Sue: I really love shining a light on that. So it allows us to operate from a strength perspective. So here's what I know, and let's build from there. So it absolutely draws out in the discussion what it is that children know about the concepts that we put in front of them.

Mike: So I want to shift now and talk about enacting same but different. I know that you've developed a protocol for facilitating the same but different routine, and I'm wondering if you could talk us through the protocol, Sue. How should a teacher think about their role during same but different? And are there particular teacher moves that you think are particularly important?

Sue: Sure. So the protocol I've worked out goes through five steps, and it's really nice to just kind of think about them succinctly. And all of them have embedded within them particular teacher moves. They are all based on research of how children learn mathematics and engage in meaningful conversation with one another. 

So step 1 is to look. So if I'm using this routine with 3- and 4-year-olds, and I'm putting a picture in front of them, learning that to be a good observer, we've got to have eyes on what it is we're looking at. So I have examples of counting, asking a 4-year-old, “How many things do I have in front of me?” And they're counting away without even looking at the stuff. So teaching the skill of observation. Step 1 is look.

Step 2 is silent think time. And this is so critically important. So giving everybody the time to get their thoughts together. If we allow hands to go in the air right away, it makes others that haven't had that processing time to figure it out shut down quite often. And we all think at different speeds with different tasks all the time, all day long. So, we just honor that everyone's going to have generally about 60 seconds in which to silently think, and we give students a sentence frame at that time to help them. Because, again, this is a language-based learning routine. So we would maybe put on the board or practice saying out loud, “I'd like you to think about: ‘They are the same because blank; they are different because blank.’” And that silent think time is just so important for allowing access and equitable opportunities in the classrooms.

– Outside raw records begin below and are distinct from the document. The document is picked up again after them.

text \<open>The complex \<open>N(G)\<close> only records which finite sets of vertices lie in a common
  neighbourhood. An isomorphism \<open>N(G) \<cong> N(H)\<close>, extended arbitrarily to isolated vertices,
  therefore gives maps \<open>\<alpha> : V(G) \<rightarrow> V(H)\<close>, \<open>\<beta> : V(H) \<rightarrow> V(G)\<close> which, by local finiteness,
  send every whole neighbourhood \<open>N(x)\<close> into some neighbourhood \<open>N(\<psi> x)\<close>, and which are
  mutually inverse on non-isolated vertices. On \<open>K\<^sub>2 \<times> G\<close> the map \<open>(1,x) \<mapsto> (1,\<alpha> x)\<close>,
  \<open>(2,x) \<mapsto> (2,\<psi> x)\<close> is then a graph homomorphism, and composing it with the analogous
  map for \<open>\<beta>\<close> gives an endomorphism \<open>M\<close> of \<open>K\<^sub>2 \<times> G\<close> with \<open>N(v) \<subseteq> N(M v)\<close> for all \<open>v\<close>;
  such an \<open>M\<close> is \<open>\<times>\<close>-homotopic to the identity by a homotopy of length one.\<close>

lemma K2_times_verts [simp]: "verts (K2_times G) = {1,2} \<times> verts G"
  by (simp add: K2_times_def verts_def)

lemma K2_times_edges [simp]:
  "((i, x), (j, y)) \<in> edges (K2_times G) \<longleftrightarrow>
     i \<in> {1,2} \<and> j \<in> {1,2} \<and> i \<noteq> j \<and> (x, y) \<in> edges G"
  by (simp add: K2_times_def edges_def)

Mike: The way that you described the importance of giving kids that space, it seems like it's a little bit of a two-for-one because we're also kind of pushing back on this notion that to be good at math, you have to have your hand in the air first, and if you don't have your hand in the air first or close to first, your idea may be less valuable. So I just wanted to shine a light on the different ways that that seems important for children, both in the task that they're engaging with and also in the culture that you're trying to build around mathematics.

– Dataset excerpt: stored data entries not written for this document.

(* Let $X$ be a random vector and $\epsilon$ a random variable, independent, and let $Y=h(X)+\epsilon$ for a Borel function $h$, where $\epsilon$ has a density with respect to Lebesgue measure on $\mathbb{R}$ and $X$ has a density with respect to a $\sigma$-finite Borel measure. Let $u_{h(X)}=\sup\{u: F_{h(X)}(u)<1\}$ and suppose the CDF of $h(X)$ is continuous on the interval $(u,u_{h(X)}]$ for some $u<u_{h(X)}$. Then \[ \lambda^{(\mathrm{opt})}(Y,X)=\limsup_{p\uparrow1}\mathbb{P}\big[Y>F_Y^{\leftarrow}(p)\,\big|\,h(X)>F_{h(X)}^{\leftarrow}(p)\big], \] so $h(X)$ is an optimal extremal predictor for the extreme events of $Y$. In particular, if the tail dependence coefficient $\lambda(Y,h(X))$ exists, then $\lambda^{(\mathrm{opt})}(Y,X)=\lambda(Y,h(X))$.
   Context: $F_\xi$ is the CDF of $\xi$ and $F_\xi^{\leftarrow}(p)=\inf\{y:F_\xi(y)\ge p\}$. For $p\in(0,1)$, $\mathcal{C}_p(X)$ is the class of Borel functions $g$ with $\mathbb{P}[g(X)>F_{g(X)}^{\leftarrow}(p)]=1-p$. The optimal extremal precision is \[ \lambda^{(\mathrm{opt})}(Y,X)=\limsup_{p\uparrow1}\sup_{g\in\mathcal{C}_p(X)}\mathbb{P}\big(Y>F_Y^{\leftarrow}(p)\mid g(X)>F_{g(X)}^{\leftarrow}(p)\big). \] A random variable $h(X)$ is an optimal extremal predictor if $\lambda^{(\mathrm{opt})}(Y,X)=\limsup_{p\uparrow1}\mathbb{P}(Y>F_Y^{\leftarrow}(p)\mid h(X)>F_{h(X)}^{\leftarrow}(p))$. The tail dependence coefficient is $\lambda(\xi,\eta)=\lim_{p\uparrow1}\mathbb{P}[\xi>F_\xi^{\leftarrow}(p)\mid \eta>F_\eta^{\leftarrow}(p)]$ when the limit exists. *)

theory Defs
  imports "HOL-Probability.Probability"
begin

definition rv_cdf :: "'a measure \<Rightarrow> ('a \<Rightarrow> real) \<Rightarrow> real \<Rightarrow> real" where
  "rv_cdf M xi y = measure M {w \<in> space M. xi w \<le> y}"

definition quantile :: "'a measure \<Rightarrow> ('a \<Rightarrow> real) \<Rightarrow> real \<Rightarrow> real" where
  "quantile M xi p = Inf {y. rv_cdf M xi y \<ge> p}"

definition exceed :: "'a measure \<Rightarrow> ('a \<Rightarrow> real) \<Rightarrow> real \<Rightarrow> 'a set" where
  "exceed M xi p = {w \<in> space M. xi w > quantile M xi p}"

definition cond_exceed :: "'a measure \<Rightarrow> ('a \<Rightarrow> real) \<Rightarrow> ('a \<Rightarrow> real) \<Rightarrow> real \<Rightarrow> real" where
  "cond_exceed M Y eta p =
     measure M (exceed M Y p \<inter> exceed M eta p) / measure M (exceed M eta p)"

definition class_C :: "'a measure \<Rightarrow> ('a \<Rightarrow> 'b::euclidean_space) \<Rightarrow> real \<Rightarrow> ('b \<Rightarrow> real) set" where
  "class_C M X p = {g. g \<in> borel_measurable borel \<and>
                        measure M (exceed M (\<lambda>w. g (X w)) p) = 1 - p}"

definition lambda_opt :: "'a measure \<Rightarrow> ('a \<Rightarrow> real) \<Rightarrow> ('a \<Rightarrow> 'b::euclidean_space) \<Rightarrow> ereal" where
  "lambda_opt M Y X =
     Limsup (at_left 1) (\<lambda>p. SUP g \<in> class_C M X p. ereal (cond_exceed M Y (\<lambda>w. g (X w)) p))"

definition right_endpoint :: "'a measure \<Rightarrow> ('a \<Rightarrow> real) \<Rightarrow> ereal" where
  "right_endpoint M xi = (SUP u \<in> {u. rv_cdf M xi u < 1}. ereal u)"

end

theory Submission
  imports Defs
begin

text \<open>
  Conditioning on the exceedance of a predictor \<open>g(X)\<close> in \<open>C\<^sub>p(X)\<close> is conditioning on
  \<open>X \<in> A\<close> for a Borel set \<open>A\<close> of probability \<open>1 - p\<close>. Let \<open>q\<close> be the \<open>p\<close>-quantile of \<open>h(X)\<close>
  and \<open>B = {h > q}\<close>. If also \<open>P(X \<in> B) = 1 - p\<close>, then \<open>A - B\<close> and \<open>B - A\<close> are equally likely
  for \<open>X\<close>; on \<open>A - B\<close> the event \<open>Y > t\<close> forces \<open>\<epsilon> > t - q\<close>, while on \<open>B - A\<close> the event
  \<open>\<epsilon> > t - q\<close> forces \<open>Y > t\<close>. By independence \<open>\<epsilon> > t - q\<close> has the same probability on both
  parts, so replacing \<open>A\<close> by \<open>B\<close> can only increase \<open>P(Y > t, X \<in> A)\<close>: \<open>h(X)\<close> has the
  largest precision in \<open>C\<^sub>p(X)\<close> whenever \<open>h \<in> C\<^sub>p(X)\<close>. Continuity of the cdf of \<open>h(X)\<close> below
  its right endpoint gives \<open>h \<in> C\<^sub>p(X)\<close> for all \<open>p\<close> close to 1.
\<close>

lemma (in finite_measure) finite_measure_diff_eq_Diff:
  assumes "A \<in> sets M" "B \<in> sets M"
  shows "measure M A - measure M B = measure M (A - B) - measure M (B - A)"
  using assms by (simp add: finite_measure_Diff' Int_commute)

lemma (in prob_space) rv_cdf_eq_cdf_distr:
  assumes "Z \<in> borel_measurable M"
  shows "rv_cdf M Z = cdf (distr M borel Z)"
proof
  fix y
  have "Z -` {..y} \<inter> space M = {w \<in> space M. Z w \<le> y}" by auto
  then show "rv_cdf M Z y = cdf (distr M borel Z) y"
    using assms by (simp add: rv_cdf_def cdf_def measure_distr)
qed

lemma (in prob_space) rv_cdf_mono:
  assumes "Z \<in> borel_measurable M" "x \<le> y"
  shows "rv_cdf M Z x \<le> rv_cdf M Z y"
proof -
  have "{w \<in> space M. Z w \<le> y} \<in> events"
    using assms(1) by measurable
  then show ?thesis
    unfolding rv_cdf_def using assms(2) by (intro finite_measure_mono) auto
qed

lemma (in prob_space) quantile_le_iff:
  assumes Z: "Z \<in> borel_measurable M" and p: "0 < p" "p < 1"
  shows "quantile M Z p \<le> x \<longleftrightarrow> p \<le> rv_cdf M Z x"
proof -
  have "cdf_distribution (distr M borel Z)"
    unfolding cdf_distribution_def using Z by (rule real_distribution_distr)
  then interpret D: cdf_distribution "distr M borel Z" .
  show ?thesis
    unfolding quantile_def rv_cdf_eq_cdf_distr[OF Z] using D.pseudoinverse[OF p, of x] by (rule sym)
qed

lemma (in prob_space) prob_exceed:
  assumes "Z \<in> borel_measurable M"
  shows "prob (exceed M Z p) = 1 - rv_cdf M Z (quantile M Z p)"
proof -
  have "exceed M Z p = space M - {w \<in> space M. Z w \<le> quantile M Z p}"
    by (auto simp: exceed_def)
  moreover have "{w \<in> space M. Z w \<le> quantile M Z p} \<in> events"
    using assms by measurable
  ultimately show ?thesis by (simp add: rv_cdf_def prob_compl)
qed

lemma (in prob_space) rv_cdf_quantile_eq:
  assumes Z: "Z \<in> borel_measurable M" and p: "0 < p" "p < 1"
    and cont: "isCont (rv_cdf M Z) (quantile M Z p)"
  shows "rv_cdf M Z (quantile M Z p) = p"
proof (rule antisym)
  let ?F = "rv_cdf M Z" and ?q = "quantile M Z p"
  have below: "?F y < p" if "y < ?q" for y
    using that quantile_le_iff[OF Z p, of y] by simp
  have "(?F \<longlongrightarrow> ?F ?q) (at_left ?q)"
    using cont by (simp add: isCont_def filterlim_at_split)
  moreover from below have "\<forall>\<^sub>F y in at_left ?q. ?F y \<le> p"
    by (intro eventually_at_leftI[of "?q - 1"]) (auto intro: less_imp_le)
  ultimately show "?F ?q \<le> p" by (rule tendsto_upperbound) simp
  show "p \<le> ?F ?q"
    by (simp add: quantile_le_iff[OF Z p, symmetric])
qed

lemma (in prob_space) quantile_le_right_endpoint:
  assumes Z: "Z \<in> borel_measurable M" and p: "0 < p" "p < 1"
  shows "ereal (quantile M Z p) \<le> right_endpoint M Z"
proof (rule dense_le)
  fix x assume x: "x < ereal (quantile M Z p)"
  have "ereal y \<le> right_endpoint M Z" if "y < quantile M Z p" for y
  proof -
    have "rv_cdf M Z y < 1"
      using that p quantile_le_iff[OF Z p, of y] by simp
    then show ?thesis unfolding right_endpoint_def by (auto intro: SUP_upper)
  qed
  with x show "x \<le> right_endpoint M Z" by (cases x) auto
qed

lemma (in prob_space) eventually_prob_exceed_eq:
  assumes Z: "Z \<in> borel_measurable M"
    and cont: "\<exists>u. ereal u < right_endpoint M Z \<and>
                 (\<forall>x. ereal u < ereal x \<and> ereal x \<le> right_endpoint M Z
                      \<longrightarrow> isCont (rv_cdf M Z) x)"
  shows "\<forall>\<^sub>F p in at_left 1. prob (exceed M Z p) = 1 - p"
proof -
  obtain u where u: "ereal u < right_endpoint M Z"
    and u_cont: "\<And>x. ereal u < ereal x \<Longrightarrow> ereal x \<le> right_endpoint M Z \<Longrightarrow> isCont (rv_cdf M Z) x"
    using cont by blast
  obtain v where "rv_cdf M Z v < 1" "u < v"
    using u unfolding right_endpoint_def less_SUP_iff by auto
  then have "rv_cdf M Z u < 1"
    using rv_cdf_mono[OF Z, of u v] by simp
  then have "\<forall>\<^sub>F p in at_left 1. p \<in> {rv_cdf M Z u<..<1}"
    by (rule eventually_at_left_real)
  then show ?thesis
  proof (rule eventually_mono)
    fix p assume "p \<in> {rv_cdf M Z u<..<1}"
    then have p: "0 < p" "p < 1" and "rv_cdf M Z u < p"
      by (auto simp: rv_cdf_def intro: le_less_trans[OF measure_nonneg])
    then have "u < quantile M Z p"
      using quantile_le_iff[OF Z p, of u] by simp
    then have "isCont (rv_cdf M Z) (quantile M Z p)"
      by (intro u_cont quantile_le_right_endpoint[OF Z p]) simp
    then show "prob (exceed M Z p) = 1 - p"
      by (simp add: prob_exceed[OF Z] rv_cdf_quantile_eq[OF Z p])
  qed
qed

Sue: I think it's really important. And if we even zoom out further just in life, we should think before we speak. We should take a moment. We should get our thoughts together. We should formulate what it is that we want to say. And learning how to be thoughtful and giving the luxury of what we're just going to all think for 60 seconds. And guess what? If you had an idea quickly, maybe you have another one. How else are they the same but different? So we just keep that culture that we're fostering, like you mentioned, we just sort of grow that within this routine.

Mike: I think it's very safe to say that the world might be a better place if we all took 60 seconds to think about [laughs] what we wanted to say sometimes.

Sue: Yes, yes. So as teachers, we can start teaching that and we can teach kids to advocate for that. “I just need a moment to get my thoughts together.” 

All right, so the third step is the turn and talk. And it's so important and it's such an easy move. It might be my favorite part. So during that time, we get to have both an experience with expressive language and receptive language—every single person. So as opposed to hands in the air and I'm playing ball with you, Mike, and you raise your hand and you get to speak and we're having a good time. When I do a turn and talk, everybody has an opportunity to speak. And so taking the thoughts that are in their head and expressing them is a big deal. And if we think about our multilingual learners, our young learners, even our older learners, and it's just a brand new concept that I've never talked about before.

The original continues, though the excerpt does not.